**PROBLEM DESCRIPTION**
How do the lines below between the ones holding "by (simp add: inner_vec_def sum_UNIV_sum hcat_def" and "by (simp add: lower_rows_def", inclusive, read? Give them again exactly, with no other lines.
+++ RECORDS SUPPLIED +++
definition upper_rows :: "real^'c^('a::finite + 'b::finite) \<Rightarrow> real^'c^'a" where
  "upper_rows M = (\<chi> i j. M $ Inl i $ j)"
definition lower_rows :: "real^'c^('a::finite + 'b::finite) \<Rightarrow> real^'c^'b" where
  "lower_rows M = (\<chi> i j. M $ Inr i $ j)"
definition left_cols :: "real^('a::finite + 'b::finite)^'r \<Rightarrow> real^'a^'r" where
  "left_cols M = (\<chi> i j. M $ i $ Inl j)"
definition right_cols :: "real^('a::finite + 'b::finite)^'r \<Rightarrow> real^'b^'r" where
  "right_cols M = (\<chi> i j. M $ i $ Inr j)"

lemma inner_vcat: "M \<bullet> vcat X Y = upper_rows M \<bullet> X + lower_rows M \<bullet> Y"
  by (simp add: inner_vec_def sum_UNIV_sum vcat_def upper_rows_def lower_rows_def)

lemma inner_hcat: "M \<bullet> hcat X Y = left_cols M \<bullet> X + right_cols M \<bullet> Y"
  by (simp add: inner_vec_def sum_UNIV_sum hcat_def left_cols_def right_cols_def sum.distrib)

lemma inner_block:
  "M \<bullet> block X11 X12 X21 X22 = blk11 M \<bullet> X11 + blk12 M \<bullet> X12 + blk21 M \<bullet> X21 + blk22 M \<bullet> X22"
  by (simp add: block_def inner_vcat inner_hcat upper_rows_def lower_rows_def left_cols_def
      right_cols_def blk11_def blk12_def blk21_def blk22_def)

lemma lower_rows_mult: "lower_rows (X ** Y) = lower_rows X ** Y"
  by (simp add: lower_rows_def Finite_Cartesian_Product.vec_eq_iff matrix_matrix_mult_def)

lemma right_cols_mult: "right_cols (X ** Y) = X ** right_cols Y"
  by (simp add: right_cols_def Finite_Cartesian_Product.vec_eq_iff matrix_matrix_mult_def)

lemma brow2_eq_lower_rows: "brow2 M = lower_rows M"
  by (simp add: brow2_def lower_rows_def)

lemma bcol2_eq_right_cols: "bcol2 M = right_cols M"
  by (simp add: bcol2_def right_cols_def)

lemma vcat_0 [simp]: "vcat 0 0 = 0"
  by (simp add: vcat_def Finite_Cartesian_Product.vec_eq_iff split: sum.split)

lemma hcat_0 [simp]: "hcat 0 0 = 0"
  by (simp add: hcat_def Finite_Cartesian_Product.vec_eq_iff split: sum.split)

lemma has_derivative_vcat [derivative_intros]:
  fixes f :: "'a::real_normed_vector \<Rightarrow> real^'c^'r1::finite" and g :: "'a \<Rightarrow> real^'c^'r2::finite"
  assumes "(f has_derivative f') (at x within s)" and "(g has_derivative g') (at x within s)"
  shows "((\<lambda>x. vcat (f x) (g x)) has_derivative (\<lambda>h. vcat (f' h) (g' h))) (at x within s)"
proof -
  have "bounded_linear (\<lambda>(X, Y). vcat X Y :: real^'c^('r1::finite + 'r2::finite))"
    by (intro linear_conv_bounded_linear[THEN iffD1] linearI)
      (auto simp: vcat_def Finite_Cartesian_Product.vec_eq_iff split: sum.split)
  from bounded_linear.has_derivative[OF this has_derivative_Pair[OF assms]] show ?thesis
    by simp
qed

lemma has_derivative_hcat [derivative_intros]:
  fixes f :: "'a::real_normed_vector \<Rightarrow> real^'c1::finite^'r" and g :: "'a \<Rightarrow> real^'c2::finite^'r"
  assumes "(f has_derivative f') (at x within s)" and "(g has_derivative g') (at x within s)"
  shows "((\<lambda>x. hcat (f x) (g x)) has_derivative (\<lambda>h. hcat (f' h) (g' h))) (at x within s)"
proof -
  have "bounded_linear (\<lambda>(X, Y). hcat X Y :: real^('c1::finite + 'c2::finite)^'r)"
    by (intro linear_conv_bounded_linear[THEN iffD1] linearI)
      (auto simp: hcat_def Finite_Cartesian_Product.vec_eq_iff split: sum.split)
  from bounded_linear.has_derivative[OF this has_derivative_Pair[OF assms]] show ?thesis
    by simp
qed

lemma has_derivative_block [derivative_intros]:
  assumes "(f11 has_derivative f11') (at x within s)" and "(f12 has_derivative f12') (at x within s)"
    and "(f21 has_derivative f21') (at x within s)" and "(f22 has_derivative f22') (at x within s)"
  shows "((\<lambda>x. block (f11 x) (f12 x) (f21 x) (f22 x)) has_derivative
    (\<lambda>h. block (f11' h) (f12' h) (f21' h) (f22' h))) (at x within s)"
  unfolding block_def by (intro has_derivative_vcat has_derivative_hcat assms)

section \<open>Lyapunov equations for Hurwitz matrices\<close>

lemma lyap_upper_triangular_eq_0:
  fixes T Y :: "complex mat"
  assumes T: "T \<in> carrier_mat n n" "upper_triangular T" and Y: "Y \<in> carrier_mat n n"
    and diag_neg: "\<And>i. i < n \<Longrightarrow> Re (T $$ (i,i)) < 0"
    and eq: "T * Y + Y * transpose_mat T = 0\<^sub>m n n"
  shows "Y = 0\<^sub>m n n"
proof -
  have below: "T $$ (i,k) = 0" if "i < n" "k < i" for i k
    using T that unfolding upper_triangular_def by auto
  have "Y $$ (i,j) = 0" if "i < n" "j < n" for i j
    using that
  proof (induction "2*n - i - j" arbitrary: i j rule: less_induct)
    case less
    have later: "Y $$ (k,l) = 0" if "k < n" "l < n" "i \<le> k" "j \<le> l" "(k,l) \<noteq> (i,j)" for k l
      using less.hyps[of k l] less.prems that by auto
    have row_terms: "T $$ (i,k) * Y $$ (k,j) = 0" if "k < n" "k \<noteq> i" for k
      using that less.prems below[of i k] later[of k j] by (cases "k < i") auto
    have row: "(\<Sum>k\<in>{0..<n}. T $$ (i,k) * Y $$ (k,j)) = T $$ (i,i) * Y $$ (i,j)"
      using less.prems by (subst sum.remove[of _ i]) (auto intro!: sum.neutral simp: row_terms)
    have col_terms: "Y $$ (i,k) * T $$ (j,k) = 0" if "k < n" "k \<noteq> j" for k
      using that less.prems below[of j k] later[of i k] by (cases "k < j") auto
    have col: "(\<Sum>k\<in>{0..<n}. Y $$ (i,k) * T $$ (j,k)) = Y $$ (i,j) * T $$ (j,j)"
      using less.prems by (subst sum.remove[of _ j]) (auto intro!: sum.neutral simp: col_terms)
    have "(T * Y + Y * transpose_mat T) $$ (i,j) =
        (\<Sum>k\<in>{0..<n}. T $$ (i,k) * Y $$ (k,j)) + (\<Sum>k\<in>{0..<n}. Y $$ (i,k) * T $$ (j,k))"
      using T Y less.prems by (simp add: scalar_prod_def)
    then have "(T $$ (i,i) + T $$ (j,j)) * Y $$ (i,j) = 0"
      using eq less.prems row col by (simp add: algebra_simps)
    moreover have "Re (T $$ (i,i) + T $$ (j,j)) < 0"
      using diag_neg[of i] diag_neg[of j] less.prems by simp
    ultimately show ?case by (metis mult_eq_0_iff order_less_irrefl zero_complex.sel(1))
  qed
  then show ?thesis using Y by (intro eq_matI) auto
qed

lemma lyap_equation_similar:
  fixes A B P Q X :: "'a::comm_ring_1 mat"
  assumes carrier: "B \<in> carrier_mat n n" "P \<in> carrier_mat n n" "Q \<in> carrier_mat n n" "X \<in> carrier_mat n n"
    and A: "A = P * B * Q" and QP: "Q * P = 1\<^sub>m n"
  shows "B * (Q * X * transpose_mat Q) + (Q * X * transpose_mat Q) * transpose_mat B
    = Q * (A * X + X * transpose_mat A) * transpose_mat Q"
proof -
  have PQT: "transpose_mat P * transpose_mat Q = 1\<^sub>m n"
    using transpose_mult[of Q n n P n] carrier QP by simp
  have "A \<in> carrier_mat n n"
    unfolding A using carrier by simp
  then have "Q * (A * X + X * transpose_mat A) * transpose_mat Q
      = Q * (A * X) * transpose_mat Q + Q * (X * transpose_mat A) * transpose_mat Q"
    using carrier
    by (simp add: mult_add_distrib_mat[of Q n n "A * X" n] add_mult_distrib_mat[of "Q * (A * X)" n n])
  also have "Q * (A * X) * transpose_mat Q = (Q * P) * B * (Q * X * transpose_mat Q)"
    unfolding A using carrier by (simp add: assoc_mult_mat[of _ n n _ n _ n])
  also have "Q * (X * transpose_mat A) * transpose_mat Q
      = (Q * X * transpose_mat Q) * transpose_mat B * (transpose_mat P * transpose_mat Q)"
    unfolding A using carrier
    by (simp add: transpose_mult[of _ n n _ n] assoc_mult_mat[of _ n n _ n _ n])
  finally show ?thesis
    using carrier QP PQT by simp
qed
+++
**ANSWER BELOW**
  by (simp add: inner_vec_def sum_UNIV_sum hcat_def left_cols_def right_cols_def sum.distrib)

lemma inner_block:
  "M \<bullet> block X11 X12 X21 X22 = blk11 M \<bullet> X11 + blk12 M \<bullet> X12 + blk21 M \<bullet> X21 + blk22 M \<bullet> X22"
  by (simp add: block_def inner_vcat inner_hcat upper_rows_def lower_rows_def left_cols_def
      right_cols_def blk11_def blk12_def blk21_def blk22_def)

lemma lower_rows_mult: "lower_rows (X ** Y) = lower_rows X ** Y"
  by (simp add: lower_rows_def Finite_Cartesian_Product.vec_eq_iff matrix_matrix_mult_def)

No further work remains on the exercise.